One possible reason for LegalBert-pt FP’s better performance in text classification is that it was pretrained on a dataset with language similar to the language of the texts used in the classification task. This could have allowed the model to learn relevant linguistic features that contribute to improved performance.

The results of our experiments demonstrate that domain-specific language models outperform domain-general language models on domain-specific tasks such as NER and text classification. This suggests that pretraining with domain-specific texts allows the language model to learn richer and more specific representations of the domain-specific language compared to domain-general language models. However, it is important to note that specialization in a single domain limits the model’s applicability to tasks in that domain. Therefore, in scenarios where the application needs to handle multiple domains, a broader approach may be necessary, such as using generic language models.

6 Conclusion and Future Works

This article outlined the process of training, using, and evaluating a language model specifically designed for the legal domain. It demonstrated that the language model enhances accuracy in particular tasks within the legal field.

Experiments were conducted to determine the optimal strategy for generating a language model for a new domain, weighing the options of additional pretraining from a pre-existing generic domain model or starting from scratch. Consequently, two versions of the language model pretrained on legal domain documents were developed: LegalBert-pt SC (trained from scratch) and LegalBert-pt FP (pretrained using the BERTimbau-Base model). For the LegalBert-pt SC model, legal documents and articles from the Portuguese Wikipedia were utilized to create a vocabulary that includes both generic and legal domain-specific terms in Portuguese.

The legal domain language models were compared to the BERTimbau-Base (a generic domain language model for the Portuguese language) using intrinsic evaluation (measured through perplexity) and extrinsic evaluation (by fine-tuning the language model for specific tasks such as Named Entity Recognition and Text Classification). In both evaluations, the language models pretrained on legal domain documents yielded superior results compared to the BERTimbau-Base. Notably, the most significant performance gains were observed in the most challenging final tasks. The language models developed in this study are available under the OpenRAIL license and can be accessed at http://huggingface.co/raquelsilveira/legalbertpt_sc and http://huggingface.co/raquelsilveira/legalbertpt_fp. The models can be further fine-tuned using other types of legal documents, which presents an opportunity for ongoing improvement. This contribution is significant for both the scientific and practical communities, as it advances our understanding of how language models can enhance legal tasks.

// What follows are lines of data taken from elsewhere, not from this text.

text \<open>Test the Poincare inequality with the bounded smooth functions
  f(x) = exp (a u\<bullet>x) / (1 + \<epsilon> exp (a u\<bullet>x)) for unit vectors u. They satisfy
  |f(y) - f(x)| \<le> a |y - x| exp (a |y - x|) f(x), and the gradient bound gives
  exp (-V(y)) \<le> exp (-V(x)) exp (c |y - x|) with c < \<delta>. Hence for 4 a \<le> \<delta> - c the jump energy
  of f is at most a^2 J \<integral> f^2 exp (-2V), where J = \<integral> |z|^(2-d-\<alpha>) exp (-(\<delta>-c)|z|/2) dz is finite
  because \<alpha> < 2. For small a the Poincare inequality then reads Var f \<le> E f^2 / 2, i.e.
  E f^2 \<le> 2 (E f)^2. This reverse Cauchy-Schwarz inequality forbids f to carry its mass on a
  set of small probability; as f \<le> exp (a R) off the small set {u\<bullet>x > R}, E f^2 is bounded
  uniformly in \<epsilon>, and Fatou's lemma as \<epsilon> \<rightarrow> 0 gives \<integral> exp (2 a u\<bullet>x) d\<mu> < \<infinity>. Summing over
  the directions \<plusminus>e_i bounds exp (2 a |x| / d).\<close>

section \<open>Smooth saturated exponentials\<close>

lemma has_derivative_ridge:
  fixes G :: "nat \<Rightarrow> real \<Rightarrow> real" and u :: "'a::real_inner"
  assumes "\<And>n t. (G n has_real_derivative G (Suc n) t) (at t)"
  shows "((\<lambda>x. c * G n (u \<bullet> x)) has_derivative (\<lambda>h. c * (G (Suc n) (u \<bullet> x) * (u \<bullet> h)))) (at x)"
proof -
  have "((\<lambda>x. G n (u \<bullet> x)) has_derivative (\<lambda>h. G (Suc n) (u \<bullet> x) * (u \<bullet> h))) (at x)"
    using has_derivative_compose[OF bounded_linear.has_derivative[OF bounded_linear_inner_right,
          OF has_derivative_ident] assms[unfolded has_field_derivative_def]]
    by (simp add: o_def mult.commute)
  then show ?thesis by (rule has_derivative_mult_right)
qed

lemma iter_pderiv_ridge:
  fixes G :: "nat \<Rightarrow> real \<Rightarrow> real" and u :: "'a::euclidean_space"
  assumes "\<And>n t. (G n has_real_derivative G (Suc n) t) (at t)"
  shows "iter_pderiv vs (\<lambda>x. G 0 (u \<bullet> x))
    = (\<lambda>x. prod_list (map ((\<bullet>) u) vs) * G (length vs) (u \<bullet> x))"
proof (induction vs)
  case (Cons v vs)
  show ?case
    using frechet_derivative_at[OF has_derivative_ridge[where G=G and c="prod_list (map ((\<bullet>) u) vs)"
          and n="length vs" and u=u, OF assms]]
    by (simp add: Cons.IH pderiv_dir_def fun_eq_iff algebra_simps)
qed simp

lemma Cb_inf_ridge:
  fixes G :: "nat \<Rightarrow> real \<Rightarrow> real" and u :: "'a::euclidean_space"
  assumes deriv: "\<And>n t. (G n has_real_derivative G (Suc n) t) (at t)"
    and bdd: "\<And>n. bounded (range (G n))"
  shows "Cb_inf (\<lambda>x. G 0 (u \<bullet> x))"
  unfolding Cb_inf_def iter_pderiv_ridge[where G=G, OF deriv]
proof (intro allI impI conjI)
  fix vs :: "'a list" and x
  show "(\<lambda>x. prod_list (map ((\<bullet>) u) vs) * G (length vs) (u \<bullet> x)) differentiable at x"
    using has_derivative_ridge[where G=G, OF deriv] unfolding differentiable_def by blast
next
  fix vs :: "'a list"
  obtain B where "\<And>t. \<bar>G (length vs) t\<bar> \<le> B" using bdd unfolding bounded_iff by fastforce
  then show "bounded (range (\<lambda>x. prod_list (map ((\<bullet>) u) vs) * G (length vs) (u \<bullet> x)))"
    unfolding bounded_iff
    by (intro exI[of _ "\<bar>prod_list (map ((\<bullet>) u) vs)\<bar> * B"]) (auto simp: abs_mult intro: mult_left_mono)
qed

definition logistic :: "real \<Rightarrow> real" where
  "logistic w = exp w / (1 + exp w)"

lemma logistic_bounds: "0 \<le> logistic w" "logistic w \<le> 1"
  unfolding logistic_def by (auto simp: add_pos_nonneg)

lemma logistic_has_real_derivative:
  "(logistic has_real_derivative logistic w * (1 - logistic w)) (at w)"
proof -
  have "1 + exp w \<noteq> 0" by (smt (verit) exp_gt_zero)
  then show ?thesis
    unfolding logistic_def
    by (auto intro!: derivative_eq_intros simp: power2_eq_square field_simps)
qed

definition sat_exp :: "real \<Rightarrow> real \<Rightarrow> real" where
  "sat_exp \<epsilon> s = exp s / (1 + \<epsilon> * exp s)"

text \<open>For \<open>\<epsilon> > 0\<close>, \<open>t \<mapsto> sat_exp \<epsilon> (a * t)\<close> is \<open>\<epsilon>\<^sup>-\<^sup>1\<close> times the logistic function of
  \<open>a * t + ln \<epsilon>\<close>; since the logistic function \<open>\<sigma>\<close> solves \<open>\<sigma>' = \<sigma> (1 - \<sigma>)\<close>, all its derivatives
  are polynomials in \<open>\<sigma>\<close> and hence bounded.\<close>

fun sat_exp_deriv_poly :: "real \<Rightarrow> real \<Rightarrow> nat \<Rightarrow> real poly" where
  "sat_exp_deriv_poly \<epsilon> a 0 = [:0, 1 / \<epsilon>:]"
| "sat_exp_deriv_poly \<epsilon> a (Suc n) = smult a (pderiv (sat_exp_deriv_poly \<epsilon> a n) * [:0, 1, -1:])"

definition sat_exp_deriv :: "real \<Rightarrow> real \<Rightarrow> nat \<Rightarrow> real \<Rightarrow> real" where
  "sat_exp_deriv \<epsilon> a n t = poly (sat_exp_deriv_poly \<epsilon> a n) (logistic (a * t + ln \<epsilon>))"

lemma sat_exp_deriv_0: "\<epsilon> > 0 \<Longrightarrow> sat_exp_deriv \<epsilon> a 0 t = sat_exp \<epsilon> (a * t)"
  by (simp add: sat_exp_deriv_def logistic_def sat_exp_def exp_add field_simps)

lemma sat_exp_deriv_has_real_derivative:
  "(sat_exp_deriv \<epsilon> a n has_real_derivative sat_exp_deriv \<epsilon> a (Suc n) t) (at t)"
proof -
  define P where "P = sat_exp_deriv_poly \<epsilon> a n"
  define \<sigma> where "\<sigma> = logistic (a * t + ln \<epsilon>)"
  have "((\<lambda>t. logistic (a * t + ln \<epsilon>)) has_real_derivative \<sigma> * (1 - \<sigma>) * a) (at t)"
    unfolding \<sigma>_def
    by (rule DERIV_chain2[OF logistic_has_real_derivative]) (auto intro!: derivative_eq_intros)
  then have "((\<lambda>t. poly P (logistic (a * t + ln \<epsilon>))) has_real_derivative
      poly (pderiv P) \<sigma> * (\<sigma> * (1 - \<sigma>) * a)) (at t)"
    unfolding \<sigma>_def by (rule DERIV_chain2[OF poly_DERIV])
  moreover have "poly (pderiv P) \<sigma> * (\<sigma> * (1 - \<sigma>) * a) = sat_exp_deriv \<epsilon> a (Suc n) t"
    by (simp add: sat_exp_deriv_def P_def \<sigma>_def algebra_simps)
  ultimately show ?thesis
    unfolding sat_exp_deriv_def[abs_def] P_def by simp
qed

lemma bounded_range_sat_exp_deriv: "bounded (range (sat_exp_deriv \<epsilon> a n))"
proof -
  have "compact (poly (sat_exp_deriv_poly \<epsilon> a n) ` {0..1})"
    by (intro compact_continuous_image continuous_intros) auto
  moreover have "range (sat_exp_deriv \<epsilon> a n) \<subseteq> poly (sat_exp_deriv_poly \<epsilon> a n) ` {0..1}"
    using logistic_bounds by (auto simp: sat_exp_deriv_def)
  ultimately show ?thesis by (meson bounded_subset compact_imp_bounded)
qed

In future research, we aim to examine the performance of LegalBert-pt on additional datasets and explore the model’s application in other tasks within the legal domain. This will help assess the extent to which understanding the specific language of these models impacts the accuracy of domain-specific tasks. Comparisons with GPT models and the utilization of the pretrained model to distill LLMs are also planned for future endeavors.